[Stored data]
lemma has_signature_hessian_f5:
  fixes x :: "real^4"
  assumes x3: "x$3 < 0" and cone: "(x$0)^2 + (x$1)^2 - (x$2)^2 + 3 * (x$3)^2 < 0"
  shows "has_signature (hessian f5 x) 1 3"
proof -
  define h where "h = vec4 (x$0) (x$1) (- x$2) (- 3 * x$3)"
  have "h \<noteq> 0" using x3 by (auto simp: h_def vec4_eq_iff)
  then have W: "subspace {v. h \<bullet> v = 0}" "dim {v. h \<bullet> v = 0} = 3"
    using dim_hyperplane[of h] by (simp_all add: subspace_hyperplane)
  have neg: "hess_form_f5 x v < 0" if "h \<bullet> v = 0" "v \<noteq> 0" for v
  proof -
    from that(1) have hv: "x$0 * v$0 + x$1 * v$1 - x$2 * v$2 - 3 * x$3 * v$3 = 0"
      by (simp add: h_def inner_vec4)
    have "v$0 \<noteq> 0 \<or> v$1 \<noteq> 0 \<or> v$2 \<noteq> 0"
      using that(2) hv x3 by (auto simp: vec4_eq_iff)
    then have "0 < (x$0 * v$0 + x$1 * v$1 - x$2 * v$2)^2
        + 3 * (x$3)^2 * ((v$0)^2 + (v$1)^2 - (v$2)^2)"
      using cone_form_pos[of "x$3" "x$0" "x$1" "x$2"] x3 cone by simp
    then have "- 3 * x$3 * hess_form_f5 x v < 0"
      unfolding hess_form_f5_complete_square hv by simp
    then show ?thesis
      using x3 by (simp add: zero_less_mult_iff)
  qed
  have pos: "hess_form_f5 x v > 0" if "v \<in> span {axis 3 1}" "v \<noteq> 0" for v
    using that x3 by (auto simp: span_singleton hess_form_f5_def axis_def intro!: mult_neg_pos)
  show ?thesis
  proof (rule has_signatureI[of "span {axis 3 1}" 1 _ "{v. h \<bullet> v = 0}" 3])
    show "dim (span {axis 3 1 :: real^4}) = 1"
      by (simp add: axis_eq_0_iff)
  qed (use W neg pos in \<open>auto simp: quad_form_hessian_f5\<close>)
qed

text \<open>Both conditions come from the negative index 3: otherwise the Hessian form is
  positive semidefinite on a plane, which must meet the negative definite 3-space.\<close>

lemma index_cone_f5_level_cond:
  fixes x :: "real^4"
  assumes sig: "has_signature (hessian f5 x) 1 3" and f1: "f5 x = 1"
  shows "x$3 < 0 \<and> (x$0)^2 + (x$1)^2 - (x$2)^2 + 3 * (x$3)^2 < 0"
proof -
  have no_semidef_plane: False
    if "dim (span {a, b}) = 2" "\<forall>v\<in>span {a, b}. hess_form_f5 x v \<ge> 0" for a b :: "real^4"
  proof -
    have "pos_index (- hessian f5 x) 3"
      using sig unfolding has_signature_def by simp
    moreover have "\<forall>v\<in>span {a, b}. quad_form (- hessian f5 x) v \<le> 0"
      using that(2) by (simp add: quad_form_uminus quad_form_hessian_f5)
    ultimately have "3 + dim (span {a, b}) \<le> CARD(4)"
      using pos_index_add_dim_le[of "- hessian f5 x" 3 "span {a, b}"] by simp
    then show False
      using that(1) by simp
  qed
  have "x$3 \<noteq> 0"
    using f1 by (auto simp: f5_def)
  moreover have "\<not> x$3 > 0"
  proof
    assume "x$3 > 0"
    have "hess_form_f5 x v \<ge> 0" if v: "v \<in> span {axis 0 1, axis 1 1}" for v
    proof -
      obtain k t where "v = k *\<^sub>R axis 0 1 + t *\<^sub>R axis 1 1"
        using v by (rule span_pairE)
      then show ?thesis
        using \<open>x$3 > 0\<close> by (simp add: hess_form_f5_def axis_def)
    qed
    moreover have "dim (span {axis 0 1, axis 1 1 :: real^4}) = 2"
      by (rule dim_span_orthogonal_pair) (auto simp: axis_eq_0_iff inner_axis_axis)
    ultimately show False
      using no_semidef_plane by blast
  qed
  ultimately have x3: "x$3 < 0"
    by linarith
  moreover have "(x$0)^2 + (x$1)^2 - (x$2)^2 + 3 * (x$3)^2 < 0"
  proof (rule ccontr)
    assume "\<not> ?thesis"
    then have "(x$0)^2 + (x$1)^2 - (x$2)^2 + 3 * (x$3)^2 \<ge> 0"
      by simp
    then obtain p q s where pqs: "p \<noteq> 0 \<or> q \<noteq> 0 \<or> s \<noteq> 0"
      and nonpos: "(x$0 * p + x$1 * q - x$2 * s)^2 + 3 * (x$3)^2 * (p^2 + q^2 - s^2) \<le> 0"
      by (rule cone_form_nonpos_vector)
    define w where "w = vec4 p q s 0"
    have "hess_form_f5 x z \<ge> 0" if z: "z \<in> span {axis 3 1, w}" for z
    proof -
      obtain k t where z_eq: "z = k *\<^sub>R axis 3 1 + t *\<^sub>R w"
        using z by (rule span_pairE)
      have "- 3 * x$3 * hess_form_f5 x z
          = 2 * (t * (x$0 * p + x$1 * q - x$2 * s) - 3 * x$3 * k)^2
            - 2 * t^2 * ((x$0 * p + x$1 * q - x$2 * s)^2 + 3 * (x$3)^2 * (p^2 + q^2 - s^2))"
        unfolding hess_form_f5_complete_square z_eq
        by (simp add: w_def axis_def algebra_simps power2_eq_square)
      also have "\<dots> \<ge> 0"
        using mult_nonneg_nonpos[OF zero_le_power2[of t] nonpos]
          zero_le_power2[of "t * (x$0 * p + x$1 * q - x$2 * s) - 3 * x$3 * k"] by linarith
      finally show ?thesis
        using x3 by (simp add: mult_le_0_iff)
    qed
    moreover have "dim (span {axis 3 1, w}) = 2"
      using pqs by (intro dim_span_orthogonal_pair)
        (auto simp: axis_eq_0_iff w_def vec4_eq_iff inner_vec4 axis_def)
    ultimately show False
      using no_semidef_plane by blast
  qed
  ultimately show ?thesis
    by blast
qed

lemma M5_iff:
  "x \<in> M5 \<longleftrightarrow> f5 x = 1 \<and> x$3 < 0 \<and> (x$0)^2 + (x$1)^2 - (x$2)^2 + 3 * (x$3)^2 < 0"
  using index_cone_f5_level_cond[of x] has_signature_hessian_f5[of x]
  by (auto simp: M5_def index_cone_def)

section \<open>A parametrisation of the level set\<close>

definition rad :: "real \<Rightarrow> real" where
  "rad c = sqrt (1/c - c^2)"

definition drad :: "real \<Rightarrow> real" where
  "drad c = (- 1/c^2 - 2*c) / (2 * rad c)"

lemma rad_radicand_pos:
  fixes c :: real
  assumes "0 < c" "4 * c^3 < 1"
  shows "1/c - c^2 > 0"
proof -
  have "c * c^2 < 1"
    using assms(2) by (simp add: power3_eq_cube power2_eq_square)
  then show ?thesis
    using assms(1) by (simp add: field_simps)
qed

lemma rad_pos: "0 < c \<Longrightarrow> 4 * c^3 < 1 \<Longrightarrow> rad c > 0"
  using rad_radicand_pos by (simp add: rad_def)

lemma rad_sq_eq: "0 < c \<Longrightarrow> 4 * c^3 < 1 \<Longrightarrow> c * (rad c)^2 = 1 - c^3"
  using rad_radicand_pos[of c] by (simp add: rad_def field_simps power2_eq_square power3_eq_cube)

lemma drad_eq: "0 < c \<Longrightarrow> 4 * c^3 < 1 \<Longrightarrow> 2 * c^2 * rad c * drad c = - (1 + 2 * c^3)"
  using rad_pos[of c] by (simp add: drad_def field_simps power2_eq_square power3_eq_cube)

lemma has_real_derivative_rad:
  assumes "0 < c" "4 * c^3 < 1"
  shows "(rad has_real_derivative drad c) (at c)"
proof -
  have "((\<lambda>c. sqrt (1/c - c^2)) has_real_derivative
      inverse (sqrt (1/c - c^2)) / 2 * (- 1/c^2 - 2*c)) (at c)"
    by (rule DERIV_chain2[where g = "\<lambda>c. 1/c - c^2",
          OF DERIV_real_sqrt[OF rad_radicand_pos[OF assms]]])
       (use assms in \<open>auto intro!: derivative_eq_intros simp: power2_eq_square field_simps\<close>)
  then show ?thesis
    unfolding rad_def[abs_def] drad_def by (simp add: field_simps)
qed

text \<open>For fixed c = u$0, the upper half plane model (X, Y) = (u$1, u$2), Y > 0, of the hyperbolic
  plane is mapped onto the sheet \<sigma> x2 > 0 of the hyperboloid x0^2 + x1^2 - x2^2 = -(rad c)^2
  in the hyperplane x3 = -c; the sign \<sigma> = 1 or -1 selects the sheet.\<close>

definition param :: "real \<Rightarrow> real^3 \<Rightarrow> real^4" where
  "param \<sigma> u = vec4
     (rad (u$0) * (u$1 / u$2))
     (rad (u$0) * (((u$1)^2 + (u$2)^2 - 1) / (2 * u$2)))
     (\<sigma> * rad (u$0) * (((u$1)^2 + (u$2)^2 + 1) / (2 * u$2)))
     (- u$0)"

lemma param_nth [simp]:
  "param \<sigma> u $ 0 = rad (u$0) * (u$1 / u$2)"
  "param \<sigma> u $ 1 = rad (u$0) * (((u$1)^2 + (u$2)^2 - 1) / (2 * u$2))"
  "param \<sigma> u $ 2 = \<sigma> * rad (u$0) * (((u$1)^2 + (u$2)^2 + 1) / (2 * u$2))"
  "param \<sigma> u $ 3 = - u$0"
  by (simp_all add: param_def)

definition param_dom :: "(real^3) set" where
  "param_dom = {u. 0 < u$0 \<and> 4 * (u$0)^3 < 1 \<and> 0 < u$2}"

* **WHAT YOU NEED TO DO**:
Figure out how many lines in the entries above contain "then". Write only that number.

* **REPLY TO THE TASK**:
10